◆ **TRY IT**: Scan the entries below. Report each line where the string "lambda" occurs.

◆ **AVAILABLE DATA**:
(* Let $\frac\pi4\le\gamma_1\le\frac\pi2$ and $\gamma_2=\frac\pi2-\gamma_1$, and for $x_3\in[-1,1]$ let $\rho(x_3)=\frac12(\Sigma_0+x_3\Sigma_3)$. Then $$\min_{x_3\in[-1,1]} g(\rho(x_3))=\frac{[1+\cos(2\gamma_1)+\sqrt2\sin\gamma_1]^2}{[3+\cos(2\gamma_1)]^2},$$ attained at $x_3=\frac{2\sin\gamma_1(\sin\gamma_1-\sqrt2)}{3+\cos(2\gamma_1)}$; this minimum value is increasing in $\gamma_1$ on $[\frac\pi4,\frac\pi2]$, so its smallest value $\frac49$ occurs at $\gamma_1=\frac\pi4$, $x_3=-\frac13$.
   Context: On two qubits, let $\sigma_1,\sigma_2,\sigma_3$ denote the Pauli matrices acting on the first qubit and $\tau_1,\tau_2,\tau_3$ those acting on the second qubit. For parameters $\gamma_1,\gamma_2$ set $u=\cos\gamma_1\cos\gamma_2$, $v=\sin\gamma_1\sin\gamma_2$, $z_1=\sin\gamma_1\cos\gamma_2$, $z_2=\cos\gamma_1\sin\gamma_2$, and define $\Sigma_0=\frac12(I+u\sigma_3+v\tau_3+z_1\sigma_1\tau_1+z_2\sigma_2\tau_2)$ and $\Sigma_3=\frac12(v\sigma_3+u\tau_3-z_2\sigma_1\tau_1-z_1\sigma_2\tau_2+\sigma_3\tau_3)$. For a two-qubit density matrix $\rho$, $g(\rho):=\max\operatorname{tr}[\rho(\rho_1\otimes\rho_2)]$ over all pure single-qubit states $\rho_1,\rho_2$. *)

theory Defs
  imports "Jordan_Normal_Form.Matrix" "Jordan_Normal_Form.Conjugate"
begin

text \<open>Kronecker (tensor) product of matrices; the first factor acts on the first qubit
  (most significant index).\<close>
definition kron :: "complex mat \<Rightarrow> complex mat \<Rightarrow> complex mat" where
  "kron A B = mat (dim_row A * dim_row B) (dim_col A * dim_col B)
     (\<lambda>(i,j). A $$ (i div dim_row B, j div dim_col B) * B $$ (i mod dim_row B, j mod dim_col B))"

definition pauliX :: "complex mat" where
  "pauliX = mat_of_rows_list 2 [[0, 1], [1, 0]]"
definition pauliY :: "complex mat" where
  "pauliY = mat_of_rows_list 2 [[0, -\<i>], [\<i>, 0]]"
definition pauliZ :: "complex mat" where
  "pauliZ = mat_of_rows_list 2 [[1, 0], [0, -1]]"

definition sigma :: "nat \<Rightarrow> complex mat" where
  "sigma k = kron (if k = 1 then pauliX else if k = 2 then pauliY else pauliZ) (1\<^sub>m 2)"
definition tau :: "nat \<Rightarrow> complex mat" where
  "tau k = kron (1\<^sub>m 2) (if k = 1 then pauliX else if k = 2 then pauliY else pauliZ)"

definition Sigma0 :: "real \<Rightarrow> real \<Rightarrow> complex mat" where
  "Sigma0 g1 g2 = (let u = cos g1 * cos g2; v = sin g1 * sin g2;
                       z1 = sin g1 * cos g2; z2 = cos g1 * sin g2 in
     (1/2 :: complex) \<cdot>\<^sub>m (1\<^sub>m 4 + complex_of_real u \<cdot>\<^sub>m sigma 3 + complex_of_real v \<cdot>\<^sub>m tau 3
        + complex_of_real z1 \<cdot>\<^sub>m (sigma 1 * tau 1) + complex_of_real z2 \<cdot>\<^sub>m (sigma 2 * tau 2)))"

definition Sigma3 :: "real \<Rightarrow> real \<Rightarrow> complex mat" where
  "Sigma3 g1 g2 = (let u = cos g1 * cos g2; v = sin g1 * sin g2;
                       z1 = sin g1 * cos g2; z2 = cos g1 * sin g2 in
     (1/2 :: complex) \<cdot>\<^sub>m (complex_of_real v \<cdot>\<^sub>m sigma 3 + complex_of_real u \<cdot>\<^sub>m tau 3
        + complex_of_real (- z2) \<cdot>\<^sub>m (sigma 1 * tau 1) + complex_of_real (- z1) \<cdot>\<^sub>m (sigma 2 * tau 2)
        + sigma 3 * tau 3))"

definition pure_qubit_state :: "complex mat \<Rightarrow> bool" where
  "pure_qubit_state P \<longleftrightarrow> (\<exists>\<psi>::complex vec. \<psi> \<in> carrier_vec 2 \<and>
       (\<Sum>i<2. (cmod (\<psi> $ i))\<^sup>2) = 1 \<and>
       P = mat 2 2 (\<lambda>(i,j). \<psi> $ i * cnj (\<psi> $ j)))"

text \<open>g(rho) = max tr[rho (rho1 (x) rho2)] over pure product states (the trace is real for
  Hermitian rho; we take the real part; the maximum exists by compactness and equals the supremum).\<close>
definition mtrace :: "complex mat \<Rightarrow> complex" where
  "mtrace A = (\<Sum>i<dim_row A. A $$ (i, i))"

definition gmax :: "complex mat \<Rightarrow> real" where
  "gmax \<rho> = (SUP PQ \<in> {(P, Q). pure_qubit_state P \<and> pure_qubit_state Q}.
               Re (mtrace (\<rho> * kron (fst PQ) (snd PQ))))"

definition rho_x3 :: "real \<Rightarrow> real \<Rightarrow> real \<Rightarrow> complex mat" where
  "rho_x3 g1 g2 x3 = (1/2 :: complex) \<cdot>\<^sub>m (Sigma0 g1 g2 + complex_of_real x3 \<cdot>\<^sub>m Sigma3 g1 g2)"

end

theory Submission
  imports Defs
begin

(* In the computational basis rho(x3) = 1/4 (I + p s3 + q t3 + A s1t1 + B s2t2
   + x3 s3t3) with real coefficients p, q, A, B depending on gamma_1, gamma_2, x3.  For pure
   product states with Bloch vectors a, b the overlap tr[rho (rho1 (x) rho2)] is therefore
   (1 + p a3 + q b3 + A a1 b1 + B a2 b2 + x3 a3 b3)/4, so g(rho) is the supremum of this
   bilinear function over pairs of unit vectors.  For gamma_2 = pi/2 - gamma_1 we have p = q.
   - Lower bound: the symmetric pair a = b = (sqrt(1-t^2), 0, t) with a suitable t attains the
     claimed value V for EVERY x3, hence V <= g(rho(x3)) on [-1,1].
   - Upper bound at the minimiser x3*: an explicit sum-of-squares identity bounds the bilinear
     form by 1 + A + m^2/(A - x3) (m = p = q), which equals 4V exactly when x3 = x3*. *)


section \<open>Explicit matrices in the computational basis\<close>

lemma sum_lessThan_4: "(\<Sum>i<4. f i) = f (0::nat) + f 1 + f 2 + (f 3 :: 'a::comm_monoid_add)"
  by (simp add: eval_nat_numeral)

lemma eq_mat4I:
  assumes "dim_row A = 4" "dim_col A = 4" "dim_row B = 4" "dim_col B = 4"
    "\<And>i j. i \<in> {0,1,2,3::nat} \<Longrightarrow> j \<in> {0,1,2,3} \<Longrightarrow> A $$ (i,j) = B $$ (i,j)"
  shows "A = B"
proof (rule eq_matI)
  fix i j assume "i < dim_row B" "j < dim_col B"
  then have "i \<in> {0,1,2,3}" "j \<in> {0,1,2,3}" using assms by auto
  then show "A $$ (i,j) = B $$ (i,j)" using assms by blast
qed (use assms in auto)

lemma pauliX_entries: "pauliX = mat 2 2 (\<lambda>(i,j). [[0,1],[1,0]]!i!j)"
  by (simp add: pauliX_def mat_of_rows_list_def numeral_2_eq_2)
lemma pauliY_entries: "pauliY = mat 2 2 (\<lambda>(i,j). [[0,-\<i>],[\<i>,0]]!i!j)"
  by (simp add: pauliY_def mat_of_rows_list_def numeral_2_eq_2)
lemma pauliZ_entries: "pauliZ = mat 2 2 (\<lambda>(i,j). [[1,0],[0,-1]]!i!j)"
  by (simp add: pauliZ_def mat_of_rows_list_def numeral_2_eq_2)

◆ **ANSWER TO THIS PROBLEM**:
     (\<lambda>(i,j). A $$ (i div dim_row B, j div dim_col B) * B $$ (i mod dim_row B, j mod dim_col B))"
       P = mat 2 2 (\<lambda>(i,j). \<psi> $ i * cnj (\<psi> $ j)))"
lemma pauliX_entries: "pauliX = mat 2 2 (\<lambda>(i,j). [[0,1],[1,0]]!i!j)"
lemma pauliY_entries: "pauliY = mat 2 2 (\<lambda>(i,j). [[0,-\<i>],[\<i>,0]]!i!j)"
lemma pauliZ_entries: "pauliZ = mat 2 2 (\<lambda>(i,j). [[1,0],[0,-1]]!i!j)"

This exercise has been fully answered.